:: What is needed ::
Which lines below include the string "assumes"? Please show each one.
*** Dataset excerpts ***
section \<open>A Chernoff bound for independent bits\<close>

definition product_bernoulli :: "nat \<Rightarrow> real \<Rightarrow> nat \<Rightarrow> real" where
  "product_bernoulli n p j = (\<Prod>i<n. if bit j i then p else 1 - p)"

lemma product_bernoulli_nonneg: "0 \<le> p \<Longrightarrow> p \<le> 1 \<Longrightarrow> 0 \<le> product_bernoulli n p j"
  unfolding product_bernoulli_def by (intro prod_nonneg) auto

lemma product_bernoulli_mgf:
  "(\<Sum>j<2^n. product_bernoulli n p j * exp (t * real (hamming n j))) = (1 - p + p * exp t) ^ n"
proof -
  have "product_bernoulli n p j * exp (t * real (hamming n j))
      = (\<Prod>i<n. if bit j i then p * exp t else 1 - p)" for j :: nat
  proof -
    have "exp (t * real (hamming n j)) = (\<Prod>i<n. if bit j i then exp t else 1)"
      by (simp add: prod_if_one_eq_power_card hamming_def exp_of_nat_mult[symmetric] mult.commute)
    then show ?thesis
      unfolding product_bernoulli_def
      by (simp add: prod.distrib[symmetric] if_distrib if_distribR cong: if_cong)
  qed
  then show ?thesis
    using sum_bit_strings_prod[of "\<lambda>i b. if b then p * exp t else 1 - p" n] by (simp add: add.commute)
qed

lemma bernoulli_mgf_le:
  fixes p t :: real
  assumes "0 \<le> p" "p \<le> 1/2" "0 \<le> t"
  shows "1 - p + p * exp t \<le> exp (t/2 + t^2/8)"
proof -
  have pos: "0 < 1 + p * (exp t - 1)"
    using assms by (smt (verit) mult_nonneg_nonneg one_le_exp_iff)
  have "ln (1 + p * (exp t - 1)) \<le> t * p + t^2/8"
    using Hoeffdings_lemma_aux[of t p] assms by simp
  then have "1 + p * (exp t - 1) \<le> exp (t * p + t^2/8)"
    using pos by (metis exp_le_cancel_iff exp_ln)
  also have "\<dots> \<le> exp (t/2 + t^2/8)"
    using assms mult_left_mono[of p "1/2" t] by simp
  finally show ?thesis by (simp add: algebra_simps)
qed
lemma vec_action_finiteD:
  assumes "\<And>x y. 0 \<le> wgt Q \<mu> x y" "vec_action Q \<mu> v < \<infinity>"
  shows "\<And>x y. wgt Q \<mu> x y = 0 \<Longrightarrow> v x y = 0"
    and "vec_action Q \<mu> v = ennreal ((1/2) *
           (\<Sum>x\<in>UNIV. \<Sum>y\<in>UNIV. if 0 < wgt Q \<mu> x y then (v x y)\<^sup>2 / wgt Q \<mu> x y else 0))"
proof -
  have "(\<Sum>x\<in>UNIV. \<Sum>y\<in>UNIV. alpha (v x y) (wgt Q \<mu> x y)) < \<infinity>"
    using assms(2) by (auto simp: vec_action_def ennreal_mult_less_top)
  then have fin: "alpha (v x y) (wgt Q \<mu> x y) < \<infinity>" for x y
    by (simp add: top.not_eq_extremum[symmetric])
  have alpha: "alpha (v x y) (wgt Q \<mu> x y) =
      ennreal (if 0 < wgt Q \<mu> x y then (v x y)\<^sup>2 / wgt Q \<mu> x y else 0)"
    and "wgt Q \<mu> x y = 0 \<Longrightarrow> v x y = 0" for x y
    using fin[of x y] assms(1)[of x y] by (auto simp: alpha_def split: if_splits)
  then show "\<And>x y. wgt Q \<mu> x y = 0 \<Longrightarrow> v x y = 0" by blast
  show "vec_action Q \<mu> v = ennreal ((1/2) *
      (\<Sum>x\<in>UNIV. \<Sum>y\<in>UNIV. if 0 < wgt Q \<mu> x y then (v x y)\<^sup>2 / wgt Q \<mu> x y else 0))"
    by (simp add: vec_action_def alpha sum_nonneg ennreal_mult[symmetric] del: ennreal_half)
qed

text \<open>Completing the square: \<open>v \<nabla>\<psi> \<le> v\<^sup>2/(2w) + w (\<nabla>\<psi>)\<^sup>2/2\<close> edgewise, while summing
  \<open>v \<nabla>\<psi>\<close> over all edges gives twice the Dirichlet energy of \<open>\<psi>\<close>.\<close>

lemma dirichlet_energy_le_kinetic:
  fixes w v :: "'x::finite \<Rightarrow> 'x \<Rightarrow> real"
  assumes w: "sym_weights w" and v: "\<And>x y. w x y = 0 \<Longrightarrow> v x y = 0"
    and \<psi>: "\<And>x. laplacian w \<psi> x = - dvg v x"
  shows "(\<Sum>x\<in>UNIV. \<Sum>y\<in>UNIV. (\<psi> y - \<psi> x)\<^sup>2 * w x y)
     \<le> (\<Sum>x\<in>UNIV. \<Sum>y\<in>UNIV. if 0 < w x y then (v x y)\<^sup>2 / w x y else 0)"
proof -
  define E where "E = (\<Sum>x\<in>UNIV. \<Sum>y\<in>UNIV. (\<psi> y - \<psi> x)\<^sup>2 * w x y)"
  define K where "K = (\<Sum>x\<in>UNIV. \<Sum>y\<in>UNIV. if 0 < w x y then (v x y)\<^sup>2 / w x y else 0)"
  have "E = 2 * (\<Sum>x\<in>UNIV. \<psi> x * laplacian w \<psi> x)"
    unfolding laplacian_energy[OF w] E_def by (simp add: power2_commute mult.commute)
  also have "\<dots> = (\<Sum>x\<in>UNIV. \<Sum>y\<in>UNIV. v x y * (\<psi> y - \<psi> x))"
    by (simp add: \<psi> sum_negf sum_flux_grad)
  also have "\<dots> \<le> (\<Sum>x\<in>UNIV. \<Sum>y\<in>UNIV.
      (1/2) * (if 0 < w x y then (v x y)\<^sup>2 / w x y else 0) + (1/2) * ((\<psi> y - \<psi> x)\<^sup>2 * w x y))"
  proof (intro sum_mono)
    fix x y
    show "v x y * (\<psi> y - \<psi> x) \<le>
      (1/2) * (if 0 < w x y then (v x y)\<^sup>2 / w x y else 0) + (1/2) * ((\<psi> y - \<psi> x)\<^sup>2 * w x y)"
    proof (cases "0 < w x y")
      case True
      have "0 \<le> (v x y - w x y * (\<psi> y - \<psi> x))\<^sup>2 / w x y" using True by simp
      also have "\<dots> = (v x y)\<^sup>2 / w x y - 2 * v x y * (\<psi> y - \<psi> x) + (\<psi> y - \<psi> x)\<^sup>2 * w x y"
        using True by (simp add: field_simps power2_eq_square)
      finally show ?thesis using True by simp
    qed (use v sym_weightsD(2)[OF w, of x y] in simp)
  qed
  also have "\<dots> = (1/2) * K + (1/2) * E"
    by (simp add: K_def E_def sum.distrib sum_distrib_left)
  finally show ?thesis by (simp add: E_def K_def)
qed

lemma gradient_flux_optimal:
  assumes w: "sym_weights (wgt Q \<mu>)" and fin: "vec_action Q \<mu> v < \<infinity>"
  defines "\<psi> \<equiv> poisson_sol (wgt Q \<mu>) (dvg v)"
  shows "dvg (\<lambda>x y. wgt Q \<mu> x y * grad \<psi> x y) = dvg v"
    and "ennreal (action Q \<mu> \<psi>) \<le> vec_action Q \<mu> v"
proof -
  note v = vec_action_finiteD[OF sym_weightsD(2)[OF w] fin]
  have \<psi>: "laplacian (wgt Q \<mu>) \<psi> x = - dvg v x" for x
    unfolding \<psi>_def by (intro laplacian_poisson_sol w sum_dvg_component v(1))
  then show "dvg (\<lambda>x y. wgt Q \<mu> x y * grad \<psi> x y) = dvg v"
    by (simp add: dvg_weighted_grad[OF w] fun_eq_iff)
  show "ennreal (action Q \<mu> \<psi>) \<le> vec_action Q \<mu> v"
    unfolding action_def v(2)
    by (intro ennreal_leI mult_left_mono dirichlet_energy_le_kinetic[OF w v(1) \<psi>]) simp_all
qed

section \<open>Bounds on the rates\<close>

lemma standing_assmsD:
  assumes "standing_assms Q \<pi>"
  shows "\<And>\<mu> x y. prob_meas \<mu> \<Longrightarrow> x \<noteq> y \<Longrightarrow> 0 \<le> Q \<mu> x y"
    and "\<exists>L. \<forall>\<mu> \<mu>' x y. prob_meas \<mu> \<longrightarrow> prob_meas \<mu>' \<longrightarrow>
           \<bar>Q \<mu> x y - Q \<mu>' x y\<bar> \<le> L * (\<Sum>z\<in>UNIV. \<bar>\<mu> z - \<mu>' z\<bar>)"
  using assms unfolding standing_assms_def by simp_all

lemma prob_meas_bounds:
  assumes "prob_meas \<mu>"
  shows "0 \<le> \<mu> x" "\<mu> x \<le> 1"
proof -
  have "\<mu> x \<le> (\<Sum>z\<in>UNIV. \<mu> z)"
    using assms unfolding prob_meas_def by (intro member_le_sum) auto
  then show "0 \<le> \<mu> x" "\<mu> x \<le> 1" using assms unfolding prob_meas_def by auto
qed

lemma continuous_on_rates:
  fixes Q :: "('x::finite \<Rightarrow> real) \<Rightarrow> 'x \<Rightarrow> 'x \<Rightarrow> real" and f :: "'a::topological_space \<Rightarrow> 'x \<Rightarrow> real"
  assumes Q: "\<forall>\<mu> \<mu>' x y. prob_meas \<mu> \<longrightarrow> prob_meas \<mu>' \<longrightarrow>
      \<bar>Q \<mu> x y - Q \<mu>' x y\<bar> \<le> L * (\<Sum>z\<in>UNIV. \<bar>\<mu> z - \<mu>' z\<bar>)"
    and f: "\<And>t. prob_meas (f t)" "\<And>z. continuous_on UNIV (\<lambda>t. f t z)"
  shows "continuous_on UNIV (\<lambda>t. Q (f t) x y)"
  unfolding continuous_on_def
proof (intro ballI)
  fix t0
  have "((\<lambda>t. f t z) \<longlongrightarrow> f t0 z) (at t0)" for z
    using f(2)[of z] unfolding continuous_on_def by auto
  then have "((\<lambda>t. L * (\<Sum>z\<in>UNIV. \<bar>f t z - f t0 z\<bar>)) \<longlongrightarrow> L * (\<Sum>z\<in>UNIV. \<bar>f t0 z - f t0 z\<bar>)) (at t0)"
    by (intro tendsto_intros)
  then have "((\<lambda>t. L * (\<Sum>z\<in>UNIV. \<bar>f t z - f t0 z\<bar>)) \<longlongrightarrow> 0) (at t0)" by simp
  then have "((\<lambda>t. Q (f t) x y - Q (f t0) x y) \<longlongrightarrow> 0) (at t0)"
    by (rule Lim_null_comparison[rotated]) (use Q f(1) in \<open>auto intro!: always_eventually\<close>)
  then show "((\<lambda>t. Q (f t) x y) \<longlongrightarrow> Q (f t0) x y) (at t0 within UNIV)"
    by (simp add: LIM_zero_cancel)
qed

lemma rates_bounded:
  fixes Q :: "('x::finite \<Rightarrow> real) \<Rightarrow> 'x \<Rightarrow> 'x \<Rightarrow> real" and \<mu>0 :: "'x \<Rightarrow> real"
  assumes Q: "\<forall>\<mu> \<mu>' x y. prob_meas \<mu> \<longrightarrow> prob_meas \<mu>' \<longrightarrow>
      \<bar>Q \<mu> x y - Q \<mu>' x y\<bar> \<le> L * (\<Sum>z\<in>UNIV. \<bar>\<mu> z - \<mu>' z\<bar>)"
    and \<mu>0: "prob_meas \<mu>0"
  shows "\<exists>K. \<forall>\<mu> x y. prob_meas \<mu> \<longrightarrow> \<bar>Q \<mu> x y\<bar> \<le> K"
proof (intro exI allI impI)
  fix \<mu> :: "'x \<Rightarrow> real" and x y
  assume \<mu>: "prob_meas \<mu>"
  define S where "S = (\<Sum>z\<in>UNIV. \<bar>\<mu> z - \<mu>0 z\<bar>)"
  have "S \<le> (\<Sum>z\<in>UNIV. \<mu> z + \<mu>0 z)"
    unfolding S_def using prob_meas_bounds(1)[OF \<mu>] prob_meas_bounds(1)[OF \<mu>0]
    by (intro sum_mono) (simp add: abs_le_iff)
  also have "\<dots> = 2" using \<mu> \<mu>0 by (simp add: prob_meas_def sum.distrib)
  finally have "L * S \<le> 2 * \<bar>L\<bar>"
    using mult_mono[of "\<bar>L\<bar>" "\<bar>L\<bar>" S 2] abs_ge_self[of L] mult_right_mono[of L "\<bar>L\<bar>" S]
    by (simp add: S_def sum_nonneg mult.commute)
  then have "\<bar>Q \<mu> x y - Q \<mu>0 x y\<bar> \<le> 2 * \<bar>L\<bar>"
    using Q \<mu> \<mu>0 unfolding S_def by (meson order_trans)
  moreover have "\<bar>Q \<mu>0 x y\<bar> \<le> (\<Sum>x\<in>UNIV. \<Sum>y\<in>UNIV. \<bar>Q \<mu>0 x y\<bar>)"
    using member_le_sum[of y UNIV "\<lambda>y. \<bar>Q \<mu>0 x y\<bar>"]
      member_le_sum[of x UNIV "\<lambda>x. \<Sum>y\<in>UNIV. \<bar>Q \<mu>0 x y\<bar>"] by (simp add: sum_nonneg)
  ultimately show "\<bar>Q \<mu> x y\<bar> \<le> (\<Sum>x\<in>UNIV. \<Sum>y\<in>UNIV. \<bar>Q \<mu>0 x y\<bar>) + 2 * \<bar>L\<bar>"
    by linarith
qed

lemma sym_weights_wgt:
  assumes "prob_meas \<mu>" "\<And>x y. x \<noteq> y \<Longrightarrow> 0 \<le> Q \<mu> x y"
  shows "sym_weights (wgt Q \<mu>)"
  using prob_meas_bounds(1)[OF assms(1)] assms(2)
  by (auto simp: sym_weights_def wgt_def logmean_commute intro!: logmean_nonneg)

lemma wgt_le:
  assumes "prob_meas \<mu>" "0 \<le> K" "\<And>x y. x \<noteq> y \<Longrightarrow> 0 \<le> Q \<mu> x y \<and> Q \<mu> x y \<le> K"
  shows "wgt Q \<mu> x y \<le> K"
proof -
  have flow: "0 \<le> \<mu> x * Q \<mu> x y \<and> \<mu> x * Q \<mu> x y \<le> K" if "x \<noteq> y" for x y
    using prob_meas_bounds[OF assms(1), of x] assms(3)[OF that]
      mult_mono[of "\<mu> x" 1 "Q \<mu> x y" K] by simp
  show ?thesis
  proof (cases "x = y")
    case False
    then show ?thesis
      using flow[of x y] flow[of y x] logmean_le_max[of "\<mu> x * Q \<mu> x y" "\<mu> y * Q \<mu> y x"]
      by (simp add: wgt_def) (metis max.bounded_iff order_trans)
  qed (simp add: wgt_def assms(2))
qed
*** End of Dataset excerpts ***
:: Completed exercise ::
  assumes "0 \<le> p" "p \<le> 1/2" "0 \<le> t"
  assumes "\<And>x y. 0 \<le> wgt Q \<mu> x y" "vec_action Q \<mu> v < \<infinity>"
  assumes w: "sym_weights w" and v: "\<And>x y. w x y = 0 \<Longrightarrow> v x y = 0"
  assumes w: "sym_weights (wgt Q \<mu>)" and fin: "vec_action Q \<mu> v < \<infinity>"
  assumes "standing_assms Q \<pi>"
  assumes "prob_meas \<mu>"
  assumes Q: "\<forall>\<mu> \<mu>' x y. prob_meas \<mu> \<longrightarrow> prob_meas \<mu>' \<longrightarrow>
  assumes Q: "\<forall>\<mu> \<mu>' x y. prob_meas \<mu> \<longrightarrow> prob_meas \<mu>' \<longrightarrow>
  assumes "prob_meas \<mu>" "\<And>x y. x \<noteq> y \<Longrightarrow> 0 \<le> Q \<mu> x y"
  assumes "prob_meas \<mu>" "0 \<le> K" "\<And>x y. x \<noteq> y \<Longrightarrow> 0 \<le> Q \<mu> x y \<and> Q \<mu> x y \<le> K"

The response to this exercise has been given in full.